Problem to work on: Your answer should be the lines below from the one holding "M1 m \<union>" through the one holding "same scale and", copied exactly and with nothing else.

Data START

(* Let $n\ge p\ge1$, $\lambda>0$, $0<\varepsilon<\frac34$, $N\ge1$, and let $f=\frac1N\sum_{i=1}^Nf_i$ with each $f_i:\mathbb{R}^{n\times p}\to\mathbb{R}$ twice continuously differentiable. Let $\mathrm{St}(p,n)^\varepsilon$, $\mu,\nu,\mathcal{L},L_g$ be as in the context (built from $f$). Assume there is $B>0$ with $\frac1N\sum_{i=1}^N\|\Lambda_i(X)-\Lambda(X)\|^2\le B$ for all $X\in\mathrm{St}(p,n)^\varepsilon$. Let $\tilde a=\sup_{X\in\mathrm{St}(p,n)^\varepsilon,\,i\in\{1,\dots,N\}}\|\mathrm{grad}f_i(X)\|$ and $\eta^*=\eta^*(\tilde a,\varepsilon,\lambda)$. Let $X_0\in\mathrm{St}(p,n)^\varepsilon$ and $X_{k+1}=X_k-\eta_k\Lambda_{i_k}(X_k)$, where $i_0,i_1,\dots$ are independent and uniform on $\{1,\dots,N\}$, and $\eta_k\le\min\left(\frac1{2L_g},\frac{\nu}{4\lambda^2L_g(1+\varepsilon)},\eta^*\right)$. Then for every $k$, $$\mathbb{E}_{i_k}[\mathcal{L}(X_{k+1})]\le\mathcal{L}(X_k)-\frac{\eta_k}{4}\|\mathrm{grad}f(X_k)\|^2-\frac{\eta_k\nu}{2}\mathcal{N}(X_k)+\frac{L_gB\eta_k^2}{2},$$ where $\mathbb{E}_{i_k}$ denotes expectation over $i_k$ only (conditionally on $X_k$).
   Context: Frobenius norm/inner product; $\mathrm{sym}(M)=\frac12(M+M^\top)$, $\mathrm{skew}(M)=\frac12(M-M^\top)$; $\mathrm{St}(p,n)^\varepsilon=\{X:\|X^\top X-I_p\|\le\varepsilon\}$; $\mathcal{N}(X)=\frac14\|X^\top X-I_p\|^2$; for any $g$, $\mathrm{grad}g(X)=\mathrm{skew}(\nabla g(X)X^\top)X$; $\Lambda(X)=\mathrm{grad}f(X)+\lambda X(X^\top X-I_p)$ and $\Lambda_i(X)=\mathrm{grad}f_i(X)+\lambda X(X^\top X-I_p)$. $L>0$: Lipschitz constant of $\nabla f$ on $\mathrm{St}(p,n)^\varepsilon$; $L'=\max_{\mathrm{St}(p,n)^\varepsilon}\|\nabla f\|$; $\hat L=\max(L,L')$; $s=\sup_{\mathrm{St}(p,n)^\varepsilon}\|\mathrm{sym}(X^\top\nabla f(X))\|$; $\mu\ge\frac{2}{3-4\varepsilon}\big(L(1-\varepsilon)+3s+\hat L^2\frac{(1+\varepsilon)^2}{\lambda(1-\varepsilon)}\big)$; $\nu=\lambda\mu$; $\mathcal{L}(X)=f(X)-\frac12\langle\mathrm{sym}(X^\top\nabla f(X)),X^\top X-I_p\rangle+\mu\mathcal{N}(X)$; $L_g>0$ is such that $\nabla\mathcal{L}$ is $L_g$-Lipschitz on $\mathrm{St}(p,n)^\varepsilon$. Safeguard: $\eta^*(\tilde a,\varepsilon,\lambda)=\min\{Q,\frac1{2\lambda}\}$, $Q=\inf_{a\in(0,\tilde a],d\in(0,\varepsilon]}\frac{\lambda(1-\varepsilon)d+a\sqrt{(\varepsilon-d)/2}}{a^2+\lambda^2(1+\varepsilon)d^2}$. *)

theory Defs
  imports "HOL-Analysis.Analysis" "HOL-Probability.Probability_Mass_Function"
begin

Data END
Data START

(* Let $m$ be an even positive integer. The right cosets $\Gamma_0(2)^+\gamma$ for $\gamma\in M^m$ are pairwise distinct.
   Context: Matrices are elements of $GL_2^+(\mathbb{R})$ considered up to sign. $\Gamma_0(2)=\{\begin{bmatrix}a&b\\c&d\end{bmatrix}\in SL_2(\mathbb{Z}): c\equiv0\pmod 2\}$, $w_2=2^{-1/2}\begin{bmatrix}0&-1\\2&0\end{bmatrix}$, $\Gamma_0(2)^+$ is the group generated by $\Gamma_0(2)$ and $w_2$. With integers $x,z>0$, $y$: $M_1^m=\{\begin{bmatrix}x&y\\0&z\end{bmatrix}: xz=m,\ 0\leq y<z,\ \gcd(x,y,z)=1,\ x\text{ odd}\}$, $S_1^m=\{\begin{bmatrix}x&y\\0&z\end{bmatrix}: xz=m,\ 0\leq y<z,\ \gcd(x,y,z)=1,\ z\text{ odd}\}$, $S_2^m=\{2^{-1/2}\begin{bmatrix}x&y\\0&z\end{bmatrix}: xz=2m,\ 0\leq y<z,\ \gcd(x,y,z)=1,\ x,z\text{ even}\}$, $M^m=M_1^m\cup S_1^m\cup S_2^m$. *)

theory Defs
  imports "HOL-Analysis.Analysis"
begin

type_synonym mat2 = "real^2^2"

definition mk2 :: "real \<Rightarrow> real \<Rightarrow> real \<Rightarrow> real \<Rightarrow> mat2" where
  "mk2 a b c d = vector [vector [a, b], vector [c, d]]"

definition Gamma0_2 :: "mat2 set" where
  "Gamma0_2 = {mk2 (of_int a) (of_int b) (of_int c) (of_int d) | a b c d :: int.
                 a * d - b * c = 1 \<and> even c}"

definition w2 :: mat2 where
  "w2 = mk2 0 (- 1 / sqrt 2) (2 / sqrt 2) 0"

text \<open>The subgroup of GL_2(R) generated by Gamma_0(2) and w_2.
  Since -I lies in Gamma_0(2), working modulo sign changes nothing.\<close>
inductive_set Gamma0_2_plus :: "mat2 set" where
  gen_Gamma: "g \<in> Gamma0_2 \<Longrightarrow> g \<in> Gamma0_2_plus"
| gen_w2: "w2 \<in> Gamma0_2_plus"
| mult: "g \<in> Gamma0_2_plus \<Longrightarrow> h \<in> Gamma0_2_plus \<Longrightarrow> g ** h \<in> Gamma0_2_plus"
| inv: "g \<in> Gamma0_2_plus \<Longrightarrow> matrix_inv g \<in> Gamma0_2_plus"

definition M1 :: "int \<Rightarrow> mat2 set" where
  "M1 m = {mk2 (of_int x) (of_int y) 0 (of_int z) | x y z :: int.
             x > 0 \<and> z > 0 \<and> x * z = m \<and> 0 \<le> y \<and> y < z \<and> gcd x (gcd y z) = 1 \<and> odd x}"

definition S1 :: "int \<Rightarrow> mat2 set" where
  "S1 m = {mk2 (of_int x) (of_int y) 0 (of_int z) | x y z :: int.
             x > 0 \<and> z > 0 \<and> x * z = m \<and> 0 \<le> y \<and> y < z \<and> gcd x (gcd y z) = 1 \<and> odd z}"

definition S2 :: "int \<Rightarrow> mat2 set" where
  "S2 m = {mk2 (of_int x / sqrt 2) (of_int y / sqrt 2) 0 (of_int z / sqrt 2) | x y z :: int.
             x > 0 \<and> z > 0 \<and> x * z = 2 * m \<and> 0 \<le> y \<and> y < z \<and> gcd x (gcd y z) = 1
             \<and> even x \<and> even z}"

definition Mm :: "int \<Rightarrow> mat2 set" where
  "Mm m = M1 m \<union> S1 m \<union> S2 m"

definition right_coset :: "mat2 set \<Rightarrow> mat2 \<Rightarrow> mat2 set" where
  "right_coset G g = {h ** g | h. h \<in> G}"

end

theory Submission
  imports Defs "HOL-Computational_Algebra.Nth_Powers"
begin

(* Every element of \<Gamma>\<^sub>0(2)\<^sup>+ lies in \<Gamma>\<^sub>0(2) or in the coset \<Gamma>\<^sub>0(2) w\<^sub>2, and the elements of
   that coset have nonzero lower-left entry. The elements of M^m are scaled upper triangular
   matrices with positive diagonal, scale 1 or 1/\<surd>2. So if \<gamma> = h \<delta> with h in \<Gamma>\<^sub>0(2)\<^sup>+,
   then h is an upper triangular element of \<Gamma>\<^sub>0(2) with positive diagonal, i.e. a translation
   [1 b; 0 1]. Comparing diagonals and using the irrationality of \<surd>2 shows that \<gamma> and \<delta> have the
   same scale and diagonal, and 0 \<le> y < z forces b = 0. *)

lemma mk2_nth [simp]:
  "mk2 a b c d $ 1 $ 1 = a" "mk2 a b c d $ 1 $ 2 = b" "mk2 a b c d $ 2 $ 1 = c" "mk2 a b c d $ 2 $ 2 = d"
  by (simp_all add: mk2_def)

Data END

Answer space:
  "Mm m = M1 m \<union> S1 m \<union> S2 m"

definition right_coset :: "mat2 set \<Rightarrow> mat2 \<Rightarrow> mat2 set" where
  "right_coset G g = {h ** g | h. h \<in> G}"

end

theory Submission
  imports Defs "HOL-Computational_Algebra.Nth_Powers"
begin

(* Every element of \<Gamma>\<^sub>0(2)\<^sup>+ lies in \<Gamma>\<^sub>0(2) or in the coset \<Gamma>\<^sub>0(2) w\<^sub>2, and the elements of
   that coset have nonzero lower-left entry. The elements of M^m are scaled upper triangular
   matrices with positive diagonal, scale 1 or 1/\<surd>2. So if \<gamma> = h \<delta> with h in \<Gamma>\<^sub>0(2)\<^sup>+,
   then h is an upper triangular element of \<Gamma>\<^sub>0(2) with positive diagonal, i.e. a translation
   [1 b; 0 1]. Comparing diagonals and using the irrationality of \<surd>2 shows that \<gamma> and \<delta> have the
   same scale and diagonal, and 0 \<le> y < z forces b = 0. *)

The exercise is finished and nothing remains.